[Dataset items]

----------

(* Let $\pi:E\to\mathbb{R}^k$ be a fiber bundle, $L:J^1\pi\to\mathbb{R}$ a Lagrangian and ${\bf\Gamma}=(\Gamma_1,\dots,\Gamma_k)$ a SOPDE on $J^1\pi$. Then the equation $\sum_\alpha\mathcal{L}_{\Gamma_\alpha}\Theta^\alpha_L=dL$ is equivalent to the equation $$\sum_{\alpha=1}^k i_{\Gamma_\alpha}\Omega^\alpha_L=(k-1)\,dL,$$ where $\Omega^\alpha_L=-d\Theta^\alpha_L$.
   Context: $E$ is $(n+k)$-dimensional with adapted coordinates $(x^\alpha,q^i)$, $x^\alpha$ standard coordinates on $\mathbb{R}^k$; $J^1\pi$ has coordinates $(x^\alpha,q^i,v^i_\alpha)$; summation over repeated indices. The Poincaré–Cartan $1$-forms are $\Theta^\alpha_L=L\,dx^\alpha+dL\circ S^\alpha$ with $S^\alpha=(dq^i-v^i_\beta dx^\beta)\otimes\partial/\partial v^i_\alpha$, i.e. locally $\Theta^\alpha_L=\frac{\partial L}{\partial v^i_\alpha}(dq^i-v^i_\beta dx^\beta)+L\,dx^\alpha$; $\Omega^\alpha_L=-d\Theta^\alpha_L$ are the Poincaré–Cartan $2$-forms. A SOPDE is a $k$-tuple of vector fields $\Gamma_\alpha$ on $J^1\pi$ with $dx^\alpha(\Gamma_\beta)=\delta^\alpha_\beta$ and $(dq^i-v^i_\gamma dx^\gamma)(\Gamma_\beta)=0$ for all $i,\alpha,\beta$. *)

theory Defs
  imports "HOL-Analysis.Analysis"
begin

text \<open>Adapted coordinates on J^1 pi: x^alpha (alpha in 'k), q^i (i in 'n), v^i_alpha.\<close>

datatype ('k, 'n) coord = X 'k | Q 'n | V 'n 'k

instance coord :: (finite, finite) finite
proof
  have "(UNIV :: ('a, 'b) coord set) = range X \<union> range Q \<union> (case_prod V ` UNIV)"
  proof (intro set_eqI iffI)
    fix c :: "('a, 'b) coord"
    show "c \<in> range X \<union> range Q \<union> (case_prod V ` UNIV)"
      by (cases c) auto
  qed auto
  moreover have "finite (range (X :: 'a \<Rightarrow> ('a, 'b) coord))" by simp
  moreover have "finite (range (Q :: 'b \<Rightarrow> ('a, 'b) coord))" by simp
  moreover have "finite ((case_prod V :: 'b \<times> 'a \<Rightarrow> ('a, 'b) coord) ` UNIV)" by simp
  ultimately show "finite (UNIV :: ('a, 'b) coord set)" by (metis finite_Un)
qed

type_synonym ('k, 'n) pt = "real ^ ('k, 'n) coord"

definition vc :: "('k::finite, 'n::finite) pt \<Rightarrow> 'n \<Rightarrow> 'k \<Rightarrow> real" where
  "vc p i \<alpha> = p $ V i \<alpha>"

definition pd :: "('k::finite, 'n::finite) coord \<Rightarrow> (('k, 'n) pt \<Rightarrow> real) \<Rightarrow> ('k, 'n) pt \<Rightarrow> real" where
  "pd c f p = frechet_derivative f (at p) (axis c 1)"

fun pds :: "('k::finite, 'n::finite) coord list \<Rightarrow> (('k, 'n) pt \<Rightarrow> real) \<Rightarrow> ('k, 'n) pt \<Rightarrow> real" where
  "pds [] f = f"
| "pds (c # cs) f = pd c (pds cs f)"

definition smooth_on :: "('k::finite, 'n::finite) pt set \<Rightarrow> (('k, 'n) pt \<Rightarrow> real) \<Rightarrow> bool" where
  "smooth_on U f \<longleftrightarrow> (\<forall>cs. pds cs f differentiable_on U)"

text \<open>1-forms: coefficient functions w.r.t. the coordinate coframe;
  2-forms: coefficients omega_ab = omega(d/dc_a, d/dc_b); vector fields: vector-valued.\<close>
type_synonym ('k, 'n) form1 = "('k, 'n) pt \<Rightarrow> ('k, 'n) coord \<Rightarrow> real"
type_synonym ('k, 'n) form2 = "('k, 'n) pt \<Rightarrow> ('k, 'n) coord \<Rightarrow> ('k, 'n) coord \<Rightarrow> real"
type_synonym ('k, 'n) vfield = "('k, 'n) pt \<Rightarrow> ('k, 'n) pt"

definition ev :: "(('k::finite, 'n::finite) coord \<Rightarrow> real) \<Rightarrow> ('k, 'n) pt \<Rightarrow> real" where
  "ev w Y = (\<Sum>c\<in>UNIV. w c * Y $ c)"

definition dF :: "(('k::finite, 'n::finite) pt \<Rightarrow> real) \<Rightarrow> ('k, 'n) form1" where
  "dF f p c = pd c f p"

definition d1 :: "('k::finite, 'n::finite) form1 \<Rightarrow> ('k, 'n) form2" where
  "d1 \<theta> p a b = pd a (\<lambda>q. \<theta> q b) p - pd b (\<lambda>q. \<theta> q a) p"

definition iv :: "('k::finite, 'n::finite) vfield \<Rightarrow> ('k, 'n) form2 \<Rightarrow> ('k, 'n) form1" where
  "iv Xf \<omega> p b = (\<Sum>a\<in>UNIV. Xf p $ a * \<omega> p a b)"

definition lie :: "('k::finite, 'n::finite) vfield \<Rightarrow> ('k, 'n) form1 \<Rightarrow> ('k, 'n) form1" where
  "lie Xf \<theta> p b = (\<Sum>a\<in>UNIV. Xf p $ a * pd a (\<lambda>q. \<theta> q b) p)
                 + (\<Sum>a\<in>UNIV. \<theta> p a * pd b (\<lambda>q. Xf q $ a) p)"

text \<open>The canonical (1,1)-tensor fields S^alpha = (dq^i - v^i_beta dx^beta) \<otimes> d/dv^i_alpha.\<close>
definition Sten :: "'k \<Rightarrow> ('k::finite, 'n::finite) pt \<Rightarrow> ('k, 'n) pt \<Rightarrow> ('k, 'n) pt" where
  "Sten \<alpha> p Y = (\<chi> c. case c of
       V i \<beta> \<Rightarrow> (if \<beta> = \<alpha> then Y $ Q i - (\<Sum>\<gamma>\<in>UNIV. vc p i \<gamma> * Y $ X \<gamma>) else 0)
     | _ \<Rightarrow> 0)"

definition Theta :: "(('k::finite, 'n::finite) pt \<Rightarrow> real) \<Rightarrow> 'k \<Rightarrow> ('k, 'n) form1" where
  "Theta L \<alpha> p c = L p * (if c = X \<alpha> then 1 else 0) + ev (dF L p) (Sten \<alpha> p (axis c 1))"

definition Omega :: "(('k::finite, 'n::finite) pt \<Rightarrow> real) \<Rightarrow> 'k \<Rightarrow> ('k, 'n) form2" where
  "Omega L \<alpha> p a b = - d1 (Theta L \<alpha>) p a b"

definition is_SOPDE :: "('k::finite, 'n::finite) pt set \<Rightarrow> ('k \<Rightarrow> ('k, 'n) vfield) \<Rightarrow> bool" where
  "is_SOPDE U \<Gamma> \<longleftrightarrow> (\<forall>p\<in>U. \<forall>\<alpha> \<beta>.
      \<Gamma> \<beta> p $ X \<alpha> = (if \<alpha> = \<beta> then 1 else 0) \<and>
      (\<forall>i. \<Gamma> \<beta> p $ Q i - (\<Sum>\<gamma>\<in>UNIV. vc p i \<gamma> * \<Gamma> \<beta> p $ X \<gamma>) = 0))"

end

theory Submission
  imports Defs
begin

text \<open>Cartan's formula \<open>lie Y \<theta> = i\<^sub>Y d\<theta> + d(\<theta>(Y))\<close>, applied to each \<open>\<Theta>\<^sup>\<alpha>\<close> along \<open>\<Gamma>\<^sub>\<alpha>\<close>,
  gives \<open>\<Sum>\<^sub>\<alpha> lie \<Gamma>\<^sub>\<alpha> \<Theta>\<^sup>\<alpha> = - \<Sum>\<^sub>\<alpha> i\<^sub>\<Gamma>\<^sub>\<alpha> \<Omega>\<^sup>\<alpha> + d(\<Sum>\<^sub>\<alpha> \<Theta>\<^sup>\<alpha>(\<Gamma>\<^sub>\<alpha>))\<close>. The SOPDE conditions say
  exactly that \<open>dx\<^sup>\<alpha>(\<Gamma>\<^sub>\<alpha>) = 1\<close> and \<open>S\<^sup>\<alpha>(\<Gamma>\<^sub>\<alpha>) = 0\<close>, so \<open>\<Theta>\<^sup>\<alpha>(\<Gamma>\<^sub>\<alpha>) = L\<close> and the last term
  is \<open>k dL\<close>; the two equations are then the same linear relation between
  \<open>\<Sum>\<^sub>\<alpha> i\<^sub>\<Gamma>\<^sub>\<alpha> \<Omega>\<^sup>\<alpha>\<close> and \<open>dL\<close>.\<close>

lemma pd_eq_has_derivative:
  assumes "(f has_derivative D) (at p)"
  shows "pd c f p = D (axis c 1)"
  unfolding pd_def frechet_derivative_at[OF assms, symmetric] ..

lemma pd_mult:
  assumes "f differentiable (at p)" "g differentiable (at p)"
  shows "pd c (\<lambda>q. f q * g q) p = f p * pd c g p + pd c f p * g p"
  unfolding pd_def
  by (intro pd_eq_has_derivative[unfolded pd_def] has_derivative_mult
        assms[unfolded frechet_derivative_works])

lemma pd_cmult:
  assumes "f differentiable (at p)"
  shows "pd c (\<lambda>q. r * f q) p = r * pd c f p"
  unfolding pd_def
  by (intro pd_eq_has_derivative[unfolded pd_def] has_derivative_mult_right
        assms[unfolded frechet_derivative_works])

lemma pd_sum:
  assumes "finite S" "\<And>s. s \<in> S \<Longrightarrow> f s differentiable (at p)"
  shows "pd c (\<lambda>q. \<Sum>s\<in>S. f s q) p = (\<Sum>s\<in>S. pd c (f s) p)"
  unfolding pd_def
  by (intro pd_eq_has_derivative[unfolded pd_def] has_derivative_sum assms(1)
        assms(2)[unfolded frechet_derivative_works])

lemma lie_eq_iv_d1_plus_pd_ev:
  assumes "\<And>c. (\<lambda>q. \<theta> q c) differentiable (at p)"
    and "\<And>c. (\<lambda>q. Y q $ c) differentiable (at p)"
  shows "lie Y \<theta> p b = iv Y (d1 \<theta>) p b + pd b (\<lambda>q. ev (\<theta> q) (Y q)) p"
proof -
  have "pd b (\<lambda>q. ev (\<theta> q) (Y q)) p = (\<Sum>a\<in>UNIV. pd b (\<lambda>q. \<theta> q a * Y q $ a) p)"
    unfolding ev_def by (rule pd_sum) (auto intro!: differentiable_mult assms)
  also have "\<dots> = (\<Sum>a\<in>UNIV. \<theta> p a * pd b (\<lambda>q. Y q $ a) p + Y p $ a * pd b (\<lambda>q. \<theta> q a) p)"
    by (intro sum.cong refl) (simp add: pd_mult assms)
  finally have "pd b (\<lambda>q. ev (\<theta> q) (Y q)) p
      = (\<Sum>a\<in>UNIV. \<theta> p a * pd b (\<lambda>q. Y q $ a) p) + (\<Sum>a\<in>UNIV. Y p $ a * pd b (\<lambda>q. \<theta> q a) p)"
    by (simp only: sum.distrib)
  moreover have "iv Y (d1 \<theta>) p b
      = (\<Sum>a\<in>UNIV. Y p $ a * pd a (\<lambda>q. \<theta> q b) p) - (\<Sum>a\<in>UNIV. Y p $ a * pd b (\<lambda>q. \<theta> q a) p)"
    unfolding iv_def d1_def by (simp only: right_diff_distrib sum_subtractf)
  ultimately show ?thesis
    unfolding lie_def by simp
qed

lemma linear_Sten: "linear (Sten \<alpha> p)"
proof (rule linearI)
  show "Sten \<alpha> p (x + y) = Sten \<alpha> p x + Sten \<alpha> p y" for x y
    unfolding vec_eq_iff
  proof
    fix c show "Sten \<alpha> p (x + y) $ c = (Sten \<alpha> p x + Sten \<alpha> p y) $ c"
      by (cases c) (simp_all add: Sten_def distrib_left sum.distrib)
  qed
  show "Sten \<alpha> p (r *\<^sub>R x) = r *\<^sub>R Sten \<alpha> p x" for r x
    unfolding vec_eq_iff
  proof
    fix c show "Sten \<alpha> p (r *\<^sub>R x) $ c = (r *\<^sub>R Sten \<alpha> p x) $ c"
      by (cases c) (simp_all add: Sten_def right_diff_distrib sum_distrib_left mult.left_commute)
  qed
qed

lemma linear_vec_nth_expansion:
  fixes f :: "real ^ 'a \<Rightarrow> real ^ 'b"
  assumes "linear f"
  shows "f x $ j = (\<Sum>i\<in>UNIV. x $ i * f (axis i 1) $ j)"
  by (rule linear_componentwise) (use assms in \<open>simp add: scalar_mult_eq_scaleR linear_def\<close>)

lemma ev_Theta:
  "ev (Theta L \<alpha> q) Y = L q * Y $ X \<alpha> + ev (dF L q) (Sten \<alpha> q Y)"
proof -
  have "(\<Sum>c\<in>UNIV. ev (dF L q) (Sten \<alpha> q (axis c 1)) * Y $ c)
      = (\<Sum>c'\<in>UNIV. dF L q c' * (\<Sum>c\<in>UNIV. Y $ c * Sten \<alpha> q (axis c 1) $ c'))"
    unfolding ev_def sum_distrib_right sum_distrib_left
    by (subst sum.swap) (simp only: ac_simps)
  also have "\<dots> = ev (dF L q) (Sten \<alpha> q Y)"
    unfolding ev_def by (simp only: linear_vec_nth_expansion[OF linear_Sten, where x=Y])
  moreover have "(\<Sum>c\<in>UNIV. L q * (if c = X \<alpha> then 1 else 0) * Y $ c) = L q * Y $ X \<alpha>"
    by (simp add: mult.assoc if_distrib[of "\<lambda>x. x * _"] if_distrib[of "\<lambda>x. _ * x"] cong: if_cong)
  ultimately show ?thesis
    unfolding Theta_def ev_def[of "Theta L \<alpha> q"] distrib_right sum.distrib
    by simp
qed

lemma Sten_SOPDE_eq_0:
  assumes "is_SOPDE U \<Gamma>" "q \<in> U"
  shows "Sten \<alpha> q (\<Gamma> \<alpha> q) = 0"
  using assms unfolding is_SOPDE_def Sten_def vec_eq_iff by (auto split: coord.split)

lemma ev_Theta_SOPDE:
  assumes "is_SOPDE U \<Gamma>" "q \<in> U"
  shows "ev (Theta L \<alpha> q) (\<Gamma> \<alpha> q) = L q"
proof -
  have "\<Gamma> \<alpha> q $ X \<alpha> = 1"
    using assms unfolding is_SOPDE_def by simp
  then show ?thesis
    unfolding ev_Theta Sten_SOPDE_eq_0[OF assms] by (simp add: ev_def)
qed

lemma differentiable_Sten_component:
  fixes p :: "('k::finite, 'n::finite) pt"
  shows "(\<lambda>q. Sten \<alpha> q Y $ c) differentiable (at p)"
proof (cases c)
  case (V i \<beta>)
  have "(\<lambda>q. q $ j) differentiable (at p)" for j
    by (simp add: bounded_linear_imp_differentiable bounded_linear_vec_nth)
  then have "(\<lambda>q. Y $ Q i - (\<Sum>\<gamma>\<in>UNIV. vc q i \<gamma> * Y $ X \<gamma>)) differentiable (at p)"
    unfolding vc_def by (intro differentiable_diff differentiable_sum differentiable_mult) auto
  then show ?thesis
    using V by (cases "\<beta> = \<alpha>") (simp_all add: Sten_def)
qed (simp_all add: Sten_def)

lemma differentiable_Theta_component:
  assumes "L differentiable (at p)" "\<And>c. pd c L differentiable (at p)"
  shows "(\<lambda>q. Theta L \<alpha> q c) differentiable (at p)"
  unfolding Theta_def ev_def dF_def
  by (intro differentiable_add differentiable_mult differentiable_sum
      differentiable_Sten_component differentiable_const assms)
    (auto intro!: differentiable_mult differentiable_Sten_component assms)

lemma smooth_on_imp_differentiable:
  assumes "smooth_on U f" "open U" "p \<in> U"
  shows "pds cs f differentiable (at p)"
  using assms unfolding smooth_on_def by (meson differentiable_on_eq_differentiable_at)

lemma iv_Omega: "iv Y (Omega L \<alpha>) p b = - iv Y (d1 (Theta L \<alpha>)) p b"
  unfolding iv_def Omega_def by (simp add: sum_negf)

lemma sum_lie_Theta_SOPDE:
  fixes \<Gamma> :: "'k \<Rightarrow> ('k::finite, 'n::finite) vfield"
  assumes "open U" "p \<in> U" "is_SOPDE U \<Gamma>"
    and "L differentiable (at p)" "\<And>c. pd c L differentiable (at p)"
    and "\<And>\<alpha> c. (\<lambda>q. \<Gamma> \<alpha> q $ c) differentiable (at p)"
  shows "(\<Sum>\<alpha>\<in>UNIV. lie (\<Gamma> \<alpha>) (Theta L \<alpha>) p b)
       = - (\<Sum>\<alpha>\<in>UNIV. iv (\<Gamma> \<alpha>) (Omega L \<alpha>) p b) + real CARD('k) * dF L p b"
proof -
  have dTheta: "(\<lambda>q. Theta L \<alpha> q c) differentiable (at p)" for \<alpha> c
    using differentiable_Theta_component assms(4,5) .
  have dev: "(\<lambda>q. ev (Theta L \<alpha> q) (\<Gamma> \<alpha> q)) differentiable (at p)" for \<alpha>
    unfolding ev_def by (auto intro!: differentiable_sum differentiable_mult dTheta assms(6))
  have "(\<Sum>\<alpha>\<in>UNIV. pd b (\<lambda>q. ev (Theta L \<alpha> q) (\<Gamma> \<alpha> q)) p)
      = pd b (\<lambda>q. \<Sum>\<alpha>\<in>UNIV. ev (Theta L \<alpha> q) (\<Gamma> \<alpha> q)) p"
    by (rule pd_sum[symmetric]) (simp_all add: dev)
  also have "\<dots> = pd b (\<lambda>q. real CARD('k) * L q) p"
    unfolding pd_def
    by (subst frechet_derivative_transform_within_open[OF _ assms(1,2)])
      (auto intro: differentiable_sum dev simp: ev_Theta_SOPDE[OF assms(3)])
  also have "\<dots> = real CARD('k) * dF L p b"
    unfolding dF_def using pd_cmult assms(4) .
  finally show ?thesis
    by (simp add: lie_eq_iv_d1_plus_pd_ev dTheta assms(6) iv_Omega sum.distrib sum_negf)
qed

theorem mainTheorem4:
  fixes U :: "('k::finite, 'n::finite) pt set"
    and L :: "('k, 'n) pt \<Rightarrow> real"
    and \<Gamma> :: "'k \<Rightarrow> ('k, 'n) vfield"
  assumes "open U"
    and "smooth_on U L"
    and "\<forall>\<alpha> a. smooth_on U (\<lambda>p. \<Gamma> \<alpha> p $ a)"
    and "is_SOPDE U \<Gamma>"
  shows "(\<forall>p\<in>U. \<forall>b. (\<Sum>\<alpha>\<in>UNIV. lie (\<Gamma> \<alpha>) (Theta L \<alpha>) p b) = dF L p b)
     \<longleftrightarrow> (\<forall>p\<in>U. \<forall>b. (\<Sum>\<alpha>\<in>UNIV. iv (\<Gamma> \<alpha>) (Omega L \<alpha>) p b)
                        = (real CARD('k) - 1) * dF L p b)"
proof -
  have sum_lie: "(\<Sum>\<alpha>\<in>UNIV. lie (\<Gamma> \<alpha>) (Theta L \<alpha>) p b)
      = - (\<Sum>\<alpha>\<in>UNIV. iv (\<Gamma> \<alpha>) (Omega L \<alpha>) p b) + real CARD('k) * dF L p b"
    if "p \<in> U" for p b
  proof (rule sum_lie_Theta_SOPDE[OF assms(1) that assms(4)])
    show "L differentiable (at p)"
      using smooth_on_imp_differentiable[OF assms(2,1) that, of "[]"] by simp
    show "pd c L differentiable (at p)" for c
      using smooth_on_imp_differentiable[OF assms(2,1) that, of "[c]"] by simp
    show "(\<lambda>q. \<Gamma> \<alpha> q $ c) differentiable (at p)" for \<alpha> c
      using smooth_on_imp_differentiable[OF assms(3)[rule_format] assms(1) that, of "[]"] by simp
  qed
  have "(\<Sum>\<alpha>\<in>UNIV. lie (\<Gamma> \<alpha>) (Theta L \<alpha>) p b) = dF L p b
      \<longleftrightarrow> (\<Sum>\<alpha>\<in>UNIV. iv (\<Gamma> \<alpha>) (Omega L \<alpha>) p b) = (real CARD('k) - 1) * dF L p b"
    if "p \<in> U" for p b
    unfolding sum_lie[OF that] by (auto simp: algebra_simps)
  then show ?thesis
    by auto
qed

end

----------

▶ **INSTRUCTIONS TO FOLLOW**: The answer should be all lines from the entries above that hold the word "symmetric".

▶ **RESULT OF THIS EXERCISE**:
  unfolding pd_def frechet_derivative_at[OF assms, symmetric] ..
    by (rule pd_sum[symmetric]) (simp_all add: dev)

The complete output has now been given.